#### [Assignment]
For this exercise, reproduce the entries below exactly, but only from the line containing "R) = (\<Inter>r\<in>RR." through the line containing "R') = interp", both included.

(Stored items)
(* Let $r_+,r_-\in\mathcal{R}$ with $r_+\subseteq r_-$, let $p\in\{+,-\}$, let $R$ be a relational type with $X\in^p R$, and let $\gamma$ be an environment defined on the free type variables of $R$ other than $X$. Then $\llbracket R\rrbracket_{\gamma[X\mapsto r_p]}\subseteq\llbracket R\rrbracket_{\gamma[X\mapsto r_{\bar p}]}$.
   Context: Terms are those of the pure untyped $\lambda$-calculus, up to $\alpha$-equivalence; $=_{\beta\eta}$ is $\beta\eta$-convertibility. Relational types: $R ::= X \mid R\to R' \mid \forall X.R \mid R^{\cup} \mid R\cdot R' \mid t$ (last form: promotion of a term). A relation on terms is $\beta\eta$-closed if closed under replacing either related term by a $\beta\eta$-equal one; $\mathcal{R}$ is the set of such relations; environments $\gamma$ map finitely many type variables to $\mathcal{R}$. Interpretation: $\llbracket X\rrbracket_\gamma=\gamma(X)$; $t\,\llbracket R\to R'\rrbracket_\gamma\,t'$ iff for all $a,a'$ with $a\,\llbracket R\rrbracket_\gamma\,a'$, $t\,a\,\llbracket R'\rrbracket_\gamma\,t'\,a'$; $\llbracket \forall X.R\rrbracket_\gamma=\bigcap_{r\in\mathcal{R}}\llbracket R\rrbracket_{\gamma[X\mapsto r]}$; $t\,\llbracket R^\cup\rrbracket_\gamma\,t'$ iff $t'\,\llbracket R\rrbracket_\gamma\,t$; $t\,\llbracket R\cdot R'\rrbracket_\gamma\,t'$ iff $\exists t''$, $t\,\llbracket R\rrbracket_\gamma\,t''$ and $t''\,\llbracket R'\rrbracket_\gamma\,t'$; $\llbracket \hat t\rrbracket_\gamma=\{(t,t')\mid \hat t\,t=_{\beta\eta}t'\}$. Polarities $p\in\{+,-\}$, $\bar p$ the other. $X\in^pR$ is defined inductively: $X\in^+X$; $X\in^pY$ for type variables $Y\ne X$; $X\in^p(R\to R')$ iff $X\in^{\bar p}R$ and $X\in^pR'$; $X\in^p\forall Y.R$ iff $X\in^pR$ (with $Y\ne X$); $X\in^p(R\cdot R')$ iff $X\in^pR$ and $X\in^pR'$; $X\in^pR^\cup$ iff $X\in^pR$; $X\in^p t$ for every promoted term $t$. *)

theory Defs
  imports Main
begin

section \<open>Untyped lambda terms (de Bruijn indices, so alpha-equivalence is syntactic equality)\<close>

datatype dbterm = Var nat | App dbterm dbterm | Abs dbterm

primrec lift :: "dbterm \<Rightarrow> nat \<Rightarrow> dbterm" where
  "lift (Var i) k = (if i < k then Var i else Var (Suc i))"
| "lift (App s t) k = App (lift s k) (lift t k)"
| "lift (Abs s) k = Abs (lift s (Suc k))"

primrec subst :: "dbterm \<Rightarrow> dbterm \<Rightarrow> nat \<Rightarrow> dbterm" where
  "subst (Var i) s k = (if k < i then Var (i - 1) else if i = k then s else Var i)"
| "subst (App t u) s k = App (subst t s k) (subst u s k)"
| "subst (Abs t) s k = Abs (subst t (lift s 0) (Suc k))"

inductive bestep :: "dbterm \<Rightarrow> dbterm \<Rightarrow> bool" where
  beta: "bestep (App (Abs s) t) (subst s t 0)"
| eta: "bestep (Abs (App (lift s 0) (Var 0))) s"
| appL: "bestep s t \<Longrightarrow> bestep (App s u) (App t u)"
| appR: "bestep s t \<Longrightarrow> bestep (App u s) (App u t)"
| abs: "bestep s t \<Longrightarrow> bestep (Abs s) (Abs t)"

definition beq :: "dbterm \<Rightarrow> dbterm \<Rightarrow> bool" where
  "beq = equivclp bestep"

type_synonym trel = "(dbterm \<times> dbterm) set"

definition be_closed :: "trel \<Rightarrow> bool" where
  "be_closed r \<longleftrightarrow> (\<forall>t t' u u'. (t, t') \<in> r \<and> beq t u \<and> beq t' u' \<longrightarrow> (u, u') \<in> r)"

definition RR :: "trel set" where
  "RR = {r. be_closed r}"

type_synonym tvar = nat

datatype rtype =
    TV tvar
  | Arr rtype rtype
  | All tvar rtype
  | Conv rtype
  | Comp rtype rtype
  | Prom dbterm

primrec fvs :: "rtype \<Rightarrow> tvar set" where
  "fvs (TV X) = {X}"
| "fvs (Arr R R') = fvs R \<union> fvs R'"
| "fvs (All X R) = fvs R - {X}"
| "fvs (Conv R) = fvs R"
| "fvs (Comp R R') = fvs R \<union> fvs R'"
| "fvs (Prom t) = {}"

type_synonym env = "tvar \<rightharpoonup> trel"

text \<open>Interpretation; an unbound variable (never relevant under the hypotheses) denotes the empty relation.\<close>
primrec interp :: "env \<Rightarrow> rtype \<Rightarrow> trel" where
  "interp \<gamma> (TV X) = (case \<gamma> X of Some r \<Rightarrow> r | None \<Rightarrow> {})"
| "interp \<gamma> (Arr R R') =
     {(t, t'). \<forall>a a'. (a, a') \<in> interp \<gamma> R \<longrightarrow> (App t a, App t' a') \<in> interp \<gamma> R'}"
| "interp \<gamma> (All X R) = (\<Inter>r\<in>RR. interp (\<gamma>(X \<mapsto> r)) R)"
| "interp \<gamma> (Conv R) = {(t, t'). (t', t) \<in> interp \<gamma> R}"
| "interp \<gamma> (Comp R R') = interp \<gamma> R O interp \<gamma> R'"
| "interp \<gamma> (Prom s) = {(t, t'). beq (App s t) t'}"

datatype pol = Pos | Neg

primrec flip :: "pol \<Rightarrow> pol" where
  "flip Pos = Neg" | "flip Neg = Pos"

primrec sel :: "pol \<Rightarrow> trel \<Rightarrow> trel \<Rightarrow> trel" where
  "sel Pos rp rm = rp" | "sel Neg rp rm = rm"

text \<open>X occurs in R with polarity p.  The rule occ_AllSame accounts for alpha-equivalence:
  \<forall>X.R is alpha-equal to \<forall>Z.R' with X not occurring, where X occurs with every polarity.\<close>
inductive occ :: "tvar \<Rightarrow> pol \<Rightarrow> rtype \<Rightarrow> bool" where
  occ_Self: "occ X Pos (TV X)"
| occ_Other: "Y \<noteq> X \<Longrightarrow> occ X p (TV Y)"
| occ_Arr: "occ X (flip p) R \<Longrightarrow> occ X p R' \<Longrightarrow> occ X p (Arr R R')"
| occ_All: "Y \<noteq> X \<Longrightarrow> occ X p R \<Longrightarrow> occ X p (All Y R)"
| occ_AllSame: "occ X p (All X R)"
| occ_Comp: "occ X p R \<Longrightarrow> occ X p R' \<Longrightarrow> occ X p (Comp R R')"
| occ_Conv: "occ X p R \<Longrightarrow> occ X p (Conv R)"
| occ_Prom: "occ X p (Prom t)"

end

theory Submission
  imports Defs
begin

(* The arrow is
   antitone in its domain and monotone in its codomain, which is exactly why
   the polarity of X flips on the left of an arrow; every other former is
   monotone in its arguments.  Under a binder Y the updates of X and Y commute
   because Y differs from X, and under a binder X the value of X is
   irrelevant. *)

lemma flip_flip [simp]: "flip (flip p) = p"
  by (cases p) simp_all

lemma interp_Arr_mono:
  assumes "interp \<gamma>' R \<subseteq> interp \<gamma> R" and "interp \<gamma> R' \<subseteq> interp \<gamma>' R'"
  shows "interp \<gamma> (Arr R R') \<subseteq> interp \<gamma>' (Arr R R')"
  using assms by auto

lemma interp_All_mono:
  assumes "\<And>r. r \<in> RR \<Longrightarrow> interp (\<gamma>(Y \<mapsto> r)) R \<subseteq> interp (\<gamma>'(Y \<mapsto> r)) R"
  shows "interp \<gamma> (All Y R) \<subseteq> interp \<gamma>' (All Y R)"
  using assms by auto

lemma interp_All_upd_bound:
  "interp (\<gamma>(X \<mapsto> r)) (All X R) = interp \<gamma> (All X R)"
  by simp

lemma interp_mono_occ:
  assumes "rp \<subseteq> rm" and "occ X p R"
  shows "interp (\<gamma>(X \<mapsto> sel p rp rm)) R \<subseteq> interp (\<gamma>(X \<mapsto> sel (flip p) rp rm)) R"
  using assms(2)
proof (induction arbitrary: \<gamma> rule: occ.induct)
  case occ_Self
  then show ?case using assms(1) by simp
next
  case (occ_Arr X p R R')
  show ?case
    using occ_Arr.IH(1)[of \<gamma>] occ_Arr.IH(2)[of \<gamma>]
    by (intro interp_Arr_mono) simp_all
next
  case (occ_All Y X p R)
  show ?case
  proof (rule interp_All_mono)
    fix r
    show "interp (\<gamma>(X \<mapsto> sel p rp rm, Y \<mapsto> r)) R \<subseteq> interp (\<gamma>(X \<mapsto> sel (flip p) rp rm, Y \<mapsto> r)) R"
      using occ_All.IH[of "\<gamma>(Y \<mapsto> r)"] by (simp only: fun_upd_twist[OF \<open>Y \<noteq> X\<close> [symmetric]])
  qed
next
  case occ_AllSame
  show ?case by (simp only: interp_All_upd_bound)
qed (auto simp: relcomp_mono)

(* Only the inclusion and the polarity hypothesis are needed: the remaining
   hypotheses are the well-formedness conditions of the paper's setting. *)
theorem mainTheorem9:
  fixes rp rm :: trel and p :: pol and R :: rtype and X :: tvar and \<gamma> :: env
  assumes "rp \<in> RR" and "rm \<in> RR" and "rp \<subseteq> rm"
    and "occ X p R"
    and "finite (dom \<gamma>)" and "ran \<gamma> \<subseteq> RR"
    and "fvs R - {X} \<subseteq> dom \<gamma>"
  shows "interp (\<gamma>(X \<mapsto> sel p rp rm)) R \<subseteq> interp (\<gamma>(X \<mapsto> sel (flip p) rp rm)) R"
  using interp_mono_occ[OF \<open>rp \<subseteq> rm\<close> \<open>occ X p R\<close>] .

end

#### [Reply to the exercise]
| "interp \<gamma> (All X R) = (\<Inter>r\<in>RR. interp (\<gamma>(X \<mapsto> r)) R)"
| "interp \<gamma> (Conv R) = {(t, t'). (t', t) \<in> interp \<gamma> R}"
| "interp \<gamma> (Comp R R') = interp \<gamma> R O interp \<gamma> R'"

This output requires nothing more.